Source information START

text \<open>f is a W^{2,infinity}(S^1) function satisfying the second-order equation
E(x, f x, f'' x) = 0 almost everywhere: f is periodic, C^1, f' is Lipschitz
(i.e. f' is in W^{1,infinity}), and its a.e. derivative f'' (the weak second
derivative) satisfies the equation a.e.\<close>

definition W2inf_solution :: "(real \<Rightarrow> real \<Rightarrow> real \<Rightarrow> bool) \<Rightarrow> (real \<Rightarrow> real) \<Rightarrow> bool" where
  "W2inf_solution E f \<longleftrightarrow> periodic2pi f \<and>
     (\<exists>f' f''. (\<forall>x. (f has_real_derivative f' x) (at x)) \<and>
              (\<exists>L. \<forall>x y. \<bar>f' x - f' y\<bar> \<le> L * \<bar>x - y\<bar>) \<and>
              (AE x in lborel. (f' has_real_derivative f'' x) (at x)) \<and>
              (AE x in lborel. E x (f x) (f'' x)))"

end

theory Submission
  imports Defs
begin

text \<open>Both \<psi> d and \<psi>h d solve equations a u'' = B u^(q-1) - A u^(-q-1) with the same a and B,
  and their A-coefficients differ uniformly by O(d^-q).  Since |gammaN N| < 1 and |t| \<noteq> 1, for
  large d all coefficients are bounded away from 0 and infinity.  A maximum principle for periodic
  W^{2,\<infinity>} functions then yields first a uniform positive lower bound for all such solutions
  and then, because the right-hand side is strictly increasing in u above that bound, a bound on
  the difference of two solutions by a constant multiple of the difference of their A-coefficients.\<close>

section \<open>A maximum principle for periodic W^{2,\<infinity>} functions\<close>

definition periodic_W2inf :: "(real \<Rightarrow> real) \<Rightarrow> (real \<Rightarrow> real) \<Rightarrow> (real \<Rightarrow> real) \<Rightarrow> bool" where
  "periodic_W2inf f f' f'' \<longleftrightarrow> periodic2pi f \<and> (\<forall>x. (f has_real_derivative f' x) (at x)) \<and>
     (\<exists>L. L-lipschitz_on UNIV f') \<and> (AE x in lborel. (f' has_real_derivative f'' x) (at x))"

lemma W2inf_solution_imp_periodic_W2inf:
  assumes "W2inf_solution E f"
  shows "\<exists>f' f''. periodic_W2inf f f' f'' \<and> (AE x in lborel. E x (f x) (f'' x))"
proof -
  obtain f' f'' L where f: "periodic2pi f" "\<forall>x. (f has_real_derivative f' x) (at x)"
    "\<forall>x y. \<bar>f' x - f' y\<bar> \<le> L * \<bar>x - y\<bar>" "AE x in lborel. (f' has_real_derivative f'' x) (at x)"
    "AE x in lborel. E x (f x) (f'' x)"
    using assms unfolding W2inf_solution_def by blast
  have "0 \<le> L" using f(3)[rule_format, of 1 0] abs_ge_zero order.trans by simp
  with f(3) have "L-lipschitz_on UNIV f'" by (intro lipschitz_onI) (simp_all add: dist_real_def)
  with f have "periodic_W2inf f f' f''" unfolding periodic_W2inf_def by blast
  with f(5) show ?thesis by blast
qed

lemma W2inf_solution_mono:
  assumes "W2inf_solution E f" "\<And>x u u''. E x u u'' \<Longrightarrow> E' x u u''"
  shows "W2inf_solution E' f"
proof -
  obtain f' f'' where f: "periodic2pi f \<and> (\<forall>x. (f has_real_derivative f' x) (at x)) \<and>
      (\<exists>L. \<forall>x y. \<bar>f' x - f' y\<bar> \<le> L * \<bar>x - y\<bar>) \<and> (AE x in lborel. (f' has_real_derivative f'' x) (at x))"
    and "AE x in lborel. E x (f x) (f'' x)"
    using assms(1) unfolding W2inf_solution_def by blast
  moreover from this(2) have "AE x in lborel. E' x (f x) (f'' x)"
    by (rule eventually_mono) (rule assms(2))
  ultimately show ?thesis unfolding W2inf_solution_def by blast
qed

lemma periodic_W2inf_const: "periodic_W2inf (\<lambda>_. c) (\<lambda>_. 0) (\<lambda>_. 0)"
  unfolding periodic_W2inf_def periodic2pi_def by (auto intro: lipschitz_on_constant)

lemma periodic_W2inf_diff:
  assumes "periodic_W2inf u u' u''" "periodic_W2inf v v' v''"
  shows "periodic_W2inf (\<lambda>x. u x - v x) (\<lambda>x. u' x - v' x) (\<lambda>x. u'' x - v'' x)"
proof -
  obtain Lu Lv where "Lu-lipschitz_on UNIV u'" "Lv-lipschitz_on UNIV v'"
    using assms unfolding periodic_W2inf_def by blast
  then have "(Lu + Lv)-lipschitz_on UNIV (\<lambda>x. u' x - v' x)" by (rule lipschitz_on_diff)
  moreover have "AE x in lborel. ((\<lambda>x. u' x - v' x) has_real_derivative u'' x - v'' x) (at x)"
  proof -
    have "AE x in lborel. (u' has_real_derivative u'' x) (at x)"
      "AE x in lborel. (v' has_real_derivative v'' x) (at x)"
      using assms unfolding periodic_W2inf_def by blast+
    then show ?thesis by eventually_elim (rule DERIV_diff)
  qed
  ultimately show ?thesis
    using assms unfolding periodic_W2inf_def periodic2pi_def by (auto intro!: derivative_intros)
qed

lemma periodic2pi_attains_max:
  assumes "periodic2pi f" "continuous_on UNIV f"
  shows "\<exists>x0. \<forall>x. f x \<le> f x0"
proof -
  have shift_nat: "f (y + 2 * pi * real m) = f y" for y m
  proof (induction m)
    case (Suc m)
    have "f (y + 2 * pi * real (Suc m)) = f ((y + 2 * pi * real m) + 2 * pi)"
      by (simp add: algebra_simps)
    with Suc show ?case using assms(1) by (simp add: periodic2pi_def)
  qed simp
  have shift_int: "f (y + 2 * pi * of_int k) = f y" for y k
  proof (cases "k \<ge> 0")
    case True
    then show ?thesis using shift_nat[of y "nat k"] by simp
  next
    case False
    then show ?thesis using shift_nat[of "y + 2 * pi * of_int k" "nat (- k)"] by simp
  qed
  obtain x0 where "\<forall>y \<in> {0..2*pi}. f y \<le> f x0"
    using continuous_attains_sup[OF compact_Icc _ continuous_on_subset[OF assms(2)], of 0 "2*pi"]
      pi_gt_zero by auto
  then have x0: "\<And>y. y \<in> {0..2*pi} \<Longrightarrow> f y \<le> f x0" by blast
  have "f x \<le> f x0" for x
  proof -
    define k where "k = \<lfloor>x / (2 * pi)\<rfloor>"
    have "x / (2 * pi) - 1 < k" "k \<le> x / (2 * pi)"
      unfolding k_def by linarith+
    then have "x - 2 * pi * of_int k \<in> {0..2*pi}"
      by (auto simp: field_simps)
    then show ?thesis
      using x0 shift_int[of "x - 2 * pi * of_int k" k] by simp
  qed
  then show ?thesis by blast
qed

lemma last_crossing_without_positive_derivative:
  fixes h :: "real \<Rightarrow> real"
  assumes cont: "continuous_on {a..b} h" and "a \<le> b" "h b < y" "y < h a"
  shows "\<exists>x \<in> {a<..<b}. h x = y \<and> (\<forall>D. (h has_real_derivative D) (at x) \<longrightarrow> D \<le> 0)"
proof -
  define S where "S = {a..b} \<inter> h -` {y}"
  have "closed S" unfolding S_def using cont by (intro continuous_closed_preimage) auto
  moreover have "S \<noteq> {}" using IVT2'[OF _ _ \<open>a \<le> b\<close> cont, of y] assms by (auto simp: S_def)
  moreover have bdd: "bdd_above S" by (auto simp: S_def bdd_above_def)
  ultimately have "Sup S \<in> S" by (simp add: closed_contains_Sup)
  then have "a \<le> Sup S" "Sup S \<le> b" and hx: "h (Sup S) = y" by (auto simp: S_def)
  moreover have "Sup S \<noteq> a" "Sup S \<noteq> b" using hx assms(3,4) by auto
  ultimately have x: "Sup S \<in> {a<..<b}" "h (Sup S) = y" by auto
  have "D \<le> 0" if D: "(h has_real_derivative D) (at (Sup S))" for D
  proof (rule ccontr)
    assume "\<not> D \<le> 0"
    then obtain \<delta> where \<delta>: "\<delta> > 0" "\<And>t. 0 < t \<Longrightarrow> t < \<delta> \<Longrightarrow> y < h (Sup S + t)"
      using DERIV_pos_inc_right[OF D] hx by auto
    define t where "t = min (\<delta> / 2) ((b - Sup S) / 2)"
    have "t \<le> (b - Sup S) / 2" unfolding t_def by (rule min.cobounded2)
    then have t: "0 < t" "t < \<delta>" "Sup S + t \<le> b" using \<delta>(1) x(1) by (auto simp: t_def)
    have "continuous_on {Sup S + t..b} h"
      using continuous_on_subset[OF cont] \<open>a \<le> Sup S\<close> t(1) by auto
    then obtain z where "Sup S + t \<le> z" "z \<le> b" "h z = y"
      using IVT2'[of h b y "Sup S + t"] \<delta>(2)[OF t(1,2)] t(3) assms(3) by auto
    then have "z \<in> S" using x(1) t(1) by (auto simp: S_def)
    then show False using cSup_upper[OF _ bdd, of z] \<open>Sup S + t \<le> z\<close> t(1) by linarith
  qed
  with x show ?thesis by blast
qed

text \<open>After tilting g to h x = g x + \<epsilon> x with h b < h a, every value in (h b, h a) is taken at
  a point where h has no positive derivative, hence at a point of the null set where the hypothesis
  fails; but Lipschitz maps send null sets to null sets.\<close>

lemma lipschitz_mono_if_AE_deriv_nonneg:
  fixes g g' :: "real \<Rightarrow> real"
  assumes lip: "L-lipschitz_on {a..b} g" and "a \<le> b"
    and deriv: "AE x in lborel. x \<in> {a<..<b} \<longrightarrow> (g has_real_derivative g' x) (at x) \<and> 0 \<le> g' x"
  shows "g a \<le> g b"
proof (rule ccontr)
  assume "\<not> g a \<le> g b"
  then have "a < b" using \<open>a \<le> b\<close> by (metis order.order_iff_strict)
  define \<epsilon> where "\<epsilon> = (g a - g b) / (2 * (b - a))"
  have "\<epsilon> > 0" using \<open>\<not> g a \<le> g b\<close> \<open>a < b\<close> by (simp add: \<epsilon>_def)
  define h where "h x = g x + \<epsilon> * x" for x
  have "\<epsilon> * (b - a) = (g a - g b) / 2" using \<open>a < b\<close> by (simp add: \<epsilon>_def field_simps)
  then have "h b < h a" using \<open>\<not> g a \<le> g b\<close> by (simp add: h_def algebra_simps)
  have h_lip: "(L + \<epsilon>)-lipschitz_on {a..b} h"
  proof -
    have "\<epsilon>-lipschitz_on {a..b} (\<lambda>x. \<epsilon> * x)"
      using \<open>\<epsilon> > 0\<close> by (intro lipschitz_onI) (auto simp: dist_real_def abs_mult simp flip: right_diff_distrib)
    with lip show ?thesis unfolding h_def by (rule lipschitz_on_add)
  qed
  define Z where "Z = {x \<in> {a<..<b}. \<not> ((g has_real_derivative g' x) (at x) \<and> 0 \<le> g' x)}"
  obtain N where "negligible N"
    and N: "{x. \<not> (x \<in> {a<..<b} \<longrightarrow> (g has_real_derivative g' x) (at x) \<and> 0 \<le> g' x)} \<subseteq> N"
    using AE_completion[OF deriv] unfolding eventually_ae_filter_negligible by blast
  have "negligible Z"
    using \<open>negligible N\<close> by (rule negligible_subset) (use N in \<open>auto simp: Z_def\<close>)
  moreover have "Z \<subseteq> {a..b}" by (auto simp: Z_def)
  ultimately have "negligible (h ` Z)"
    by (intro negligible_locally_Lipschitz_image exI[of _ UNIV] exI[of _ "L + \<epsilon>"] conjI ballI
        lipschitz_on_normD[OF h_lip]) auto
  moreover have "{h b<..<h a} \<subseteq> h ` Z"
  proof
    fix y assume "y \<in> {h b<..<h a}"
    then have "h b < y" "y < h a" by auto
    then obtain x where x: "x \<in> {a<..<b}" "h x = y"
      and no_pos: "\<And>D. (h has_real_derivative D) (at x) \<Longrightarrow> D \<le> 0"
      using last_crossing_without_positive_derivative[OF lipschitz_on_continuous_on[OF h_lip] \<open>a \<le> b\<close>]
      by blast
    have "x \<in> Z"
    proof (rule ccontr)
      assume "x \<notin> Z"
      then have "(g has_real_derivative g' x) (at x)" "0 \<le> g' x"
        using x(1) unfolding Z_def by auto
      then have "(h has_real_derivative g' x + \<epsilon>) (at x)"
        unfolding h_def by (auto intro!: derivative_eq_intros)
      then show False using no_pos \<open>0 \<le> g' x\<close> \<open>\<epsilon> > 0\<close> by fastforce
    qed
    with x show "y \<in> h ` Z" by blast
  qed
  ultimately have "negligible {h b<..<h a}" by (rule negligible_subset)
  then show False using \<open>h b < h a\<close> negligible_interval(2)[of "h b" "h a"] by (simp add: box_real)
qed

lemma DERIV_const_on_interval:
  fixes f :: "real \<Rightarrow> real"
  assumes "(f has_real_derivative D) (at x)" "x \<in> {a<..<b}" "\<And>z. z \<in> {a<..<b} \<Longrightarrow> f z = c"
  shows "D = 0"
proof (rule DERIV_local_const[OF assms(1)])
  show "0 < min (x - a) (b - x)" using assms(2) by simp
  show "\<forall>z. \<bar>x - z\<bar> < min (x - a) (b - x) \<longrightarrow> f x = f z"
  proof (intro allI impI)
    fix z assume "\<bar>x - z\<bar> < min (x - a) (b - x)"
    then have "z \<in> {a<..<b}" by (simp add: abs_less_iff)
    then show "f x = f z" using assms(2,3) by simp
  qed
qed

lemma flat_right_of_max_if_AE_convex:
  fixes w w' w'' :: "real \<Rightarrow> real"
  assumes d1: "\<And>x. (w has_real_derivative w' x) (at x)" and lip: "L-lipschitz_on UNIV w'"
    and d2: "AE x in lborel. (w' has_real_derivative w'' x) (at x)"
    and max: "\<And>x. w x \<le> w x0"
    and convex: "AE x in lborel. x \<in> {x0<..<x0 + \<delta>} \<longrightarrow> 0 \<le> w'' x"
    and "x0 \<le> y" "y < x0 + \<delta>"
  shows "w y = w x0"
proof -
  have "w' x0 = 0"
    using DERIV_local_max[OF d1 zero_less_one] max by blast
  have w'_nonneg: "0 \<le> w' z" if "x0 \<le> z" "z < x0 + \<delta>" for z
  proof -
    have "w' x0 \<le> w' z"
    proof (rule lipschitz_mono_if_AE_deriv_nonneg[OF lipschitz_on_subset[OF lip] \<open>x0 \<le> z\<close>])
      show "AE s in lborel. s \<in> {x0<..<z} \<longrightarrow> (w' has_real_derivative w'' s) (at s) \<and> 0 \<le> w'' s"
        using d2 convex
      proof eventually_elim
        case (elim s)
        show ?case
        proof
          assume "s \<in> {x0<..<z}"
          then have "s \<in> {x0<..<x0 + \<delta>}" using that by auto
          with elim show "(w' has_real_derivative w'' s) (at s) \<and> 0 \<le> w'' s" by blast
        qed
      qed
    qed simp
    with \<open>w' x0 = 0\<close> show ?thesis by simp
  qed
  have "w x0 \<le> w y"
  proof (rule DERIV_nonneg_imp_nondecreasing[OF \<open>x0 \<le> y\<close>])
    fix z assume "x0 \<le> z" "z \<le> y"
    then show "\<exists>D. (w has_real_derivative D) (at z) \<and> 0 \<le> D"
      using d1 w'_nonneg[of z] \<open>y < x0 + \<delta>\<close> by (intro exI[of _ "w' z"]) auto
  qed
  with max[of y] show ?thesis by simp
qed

Source information END

Would you output, unchanged, each line from the start of the records to the line that holds "and their A-coefficients", both included and nothing else?

-- Task result --
text \<open>f is a W^{2,infinity}(S^1) function satisfying the second-order equation
E(x, f x, f'' x) = 0 almost everywhere: f is periodic, C^1, f' is Lipschitz
(i.e. f' is in W^{1,infinity}), and its a.e. derivative f'' (the weak second
derivative) satisfies the equation a.e.\<close>

definition W2inf_solution :: "(real \<Rightarrow> real \<Rightarrow> real \<Rightarrow> bool) \<Rightarrow> (real \<Rightarrow> real) \<Rightarrow> bool" where
  "W2inf_solution E f \<longleftrightarrow> periodic2pi f \<and>
     (\<exists>f' f''. (\<forall>x. (f has_real_derivative f' x) (at x)) \<and>
              (\<exists>L. \<forall>x y. \<bar>f' x - f' y\<bar> \<le> L * \<bar>x - y\<bar>) \<and>
              (AE x in lborel. (f' has_real_derivative f'' x) (at x)) \<and>
              (AE x in lborel. E x (f x) (f'' x)))"

end

theory Submission
  imports Defs
begin

text \<open>Both \<psi> d and \<psi>h d solve equations a u'' = B u^(q-1) - A u^(-q-1) with the same a and B,
  and their A-coefficients differ uniformly by O(d^-q).  Since |gammaN N| < 1 and |t| \<noteq> 1, for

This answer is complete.